Language discrimination has previously been found in human infants, cotton-top tamarin monkeys, rats, and Java sparrows. This ability might also be relevant for the crow, a social passerine with extensive auditory perceptual skills living in close contact with humans. In this experiment we tested whether crows autonomously pay attention to spoken language, and whether they can discriminate a familiar, locally spoken language (Japanese) from an unfamiliar language (Dutch) without training. When presented with sentences spoken by multiple speakers, the crows showed significantly more responses to the Dutch than to the Japanese, which suggests that they discriminate two languages with distinctive linguistic features, and that they might also be more attentive to an unfamiliar language, Dutch, compared to a familiar one, Japanese. These results further extend the hypothesis that language discrimination is based on a general perceptual mechanism that predates the evolution of language and show that crows can voluntarily apply this mechanism to language outside of experimental setups .
*Corresponding Author:
1Department of Psychology, Middlesex University, London, UK
2Department of Psychology, Keio University, Tokyo, Japan
1. Introduction
Although language as a whole is unique to humans, some cognitive abilities
necessary for language are shared with other species.
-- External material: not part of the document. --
(* Let $(X,d^X)$ be a compact metric space, $f$ a homeomorphism of $X$ and $\mu$ a Borel measure on $X$ with $\mu(X)>0$. Then: (i) if $\mu$ is topologically stable with respect to $f$, then $Ts^\mu_f(X)=X$; (ii) for every compact metric space $(Y,d^Y)$ and every homeomorphism $h:X\to Y$, $Ts^{h^*(\mu)}_{h\circ f\circ h^{-1}}(Y)=h(Ts^\mu_f(X))$ and $Sts^{h^*(\mu)}_{h\circ f\circ h^{-1}}(Y)=h(Sts^\mu_f(X))$, where $h^*(\mu)(A)=\mu(h^{-1}(A))$; (iii) if $\mu$ is non-atomic and $x$ is a topologically stable point of $f$, then $x$ is a strong $\mu$-topologically stable point of $f$.
   Context: $B(x,\epsilon)$ and $B[x,\epsilon]$ are the open and closed balls; $\mathcal{O}_g(x)=\{g^n(x):n\in\mathbb{Z}\}$; $d_{C^0}(f,g)=\sup_x d(f(x),g(x))$. For $Z\subset X$, a set-valued map $H:Z\to 2^X$ has domain $Dom(H)=\{z\in Z:H(z)\ne\emptyset\}$; it is compact valued if each $H(z)$ is compact; $d(H,Id)\le\epsilon$ means $H(z)\subset B[z,\epsilon]$ for all $z\in Z$; $H$ is upper semi-continuous if for each $z\in Dom(H)$ and each open $O\supset H(z)$ there is $\gamma>0$ with $H(w)\subset O$ for all $w\in Z$ with $d(w,z)<\gamma$; $f\circ H=H\circ g$ means $f(H(z))=H(g(z))$ for all $z$. $\mu$ is non-atomic if $\mu(\{x\})=0$ for all $x$. $\mu$ is topologically stable w.r.t. $f$ if for every $\epsilon>0$ there is $\delta>0$ such that for every homeomorphism $g$ with $d_{C^0}(f,g)\le\delta$ there is an upper semi-continuous compact valued $H:X\to 2^X$ with measurable domain such that $\mu(X\setminus Dom(H))=0$, $\mu(H(x))=0$ for all $x$, $d(H,Id)\le\epsilon$ and $f\circ H=H\circ g$. A point $x$ is a $\mu$-topologically stable point of $f$ if for every $\epsilon>0$ there is $\delta>0$ such that for every homeomorphism $g$ of $X$ with $d_{C^0}(f,g)\le\delta$ there is an upper semi-continuous compact valued $H:\overline{\mathcal{O}_g(x)}\to 2^X$ with measurable domain such that (i) $\mu(H(z))=0$ for each $z\in B(x,\delta/4)\cap\overline{\mathcal{O}_g(x)}$, (ii) $d(H,Id)\le\epsilon$, (iii) $f\circ H=H\circ g$. $x$ is a strong $\mu$-topologically stable point if moreover (for the given $\epsilon$, together with $\delta$) there is a Borel set $B\subset X$ with $\mu(X\setminus B)=0$ such that additionally (iv) $\mu(X\setminus Dom(H))\le\mu(X\setminus U)$, where $U=B\cap B(x,\delta)\cap\overline{\mathcal{O}_g(x)}$. $Ts^\mu_f(X)$ and $Sts^\mu_f(X)$ denote the sets of $\mu$-topologically stable and strong $\mu$-topologically stable points. $x$ is a topologically stable point of $f$ if for every $\epsilon>0$ there is $\delta>0$ such that for every homeomorphism $g$ with $d_{C^0}(f,g)\le\delta$ there is a continuous $h:\overline{\mathcal{O}_g(x)}\to X$ with $f\circ h=h\circ g$ and $d(h(z),z)\le\epsilon$ for all $z\in\overline{\mathcal{O}_g(x)}$. *)

theory Defs
  imports "HOL-Probability.Probability"
begin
Ramus and colleagues
(2000) showed that both human newborns and cotton-top tamarin monkeys
(Saguinus oedipus) can discriminate between two languages from different
rhythmic classes. They used Japanese (mora-timed) and Dutch (stress-timed)
sentences spoken by four different female speakers per language and presented
them to the infants and monkeys in a habituation/dishabituation design. In a
second experiment, they synthetized these sentences to only include prosodic
characteristics and removed lexical and phonetic information, as well as speaker
variability (see Ramus & Mehler, 1999 for full description). They found that
human infants failed to discriminate the natural stimuli, but successfully
discriminated the synthetized stimuli containing only prosodic information. On
the other hand, the tamarin monkeys were able to discriminate both types of
stimuli despite speaker variability, although they performed better with the natural
sentences than with the synthetized sentences. When presented with the
synthetized stimuli played backwards, both the tamarins and the infants failed to
discriminate the stimuli sets. The authors conclude from these observations that
the ability to extract and process cues relevant for language discrimination likely
preceded human speech, although humans and tamarins may use different cues
for this task.
Taking into account a conceptual replication by Toro, Trobalon and Sebastián-
Gallés (2003), this perceptual mechanism may date back even further. Their work
with Long-Evans rats (Rattus norvegicus) using lever-press training with the
original stimuli by Ramus et al. (2000) showed that just like human newborns and
tamarin monkeys, rats are able to discriminate between synthetized stimuli of
different rhythmical classes (stress-timed Dutch and mora-timed Japanese) when
they are played forwards, but not backwards. Further research by Toro, Trobalon
and Sebastián-Gallés (2005) showed that the rats were able to generalize
previously learned prosodic cues to novel stimuli, and that they could only
discriminate natural sentences produced by a single speaker, but not those
produced by multiple speakers. It is indeed curious that all three species tested
performed equally well with the synthetized stimuli, while there seems to be large
variations in their performance with natural stimuli, possibly due to irrelevant
information introduced by speaker variability.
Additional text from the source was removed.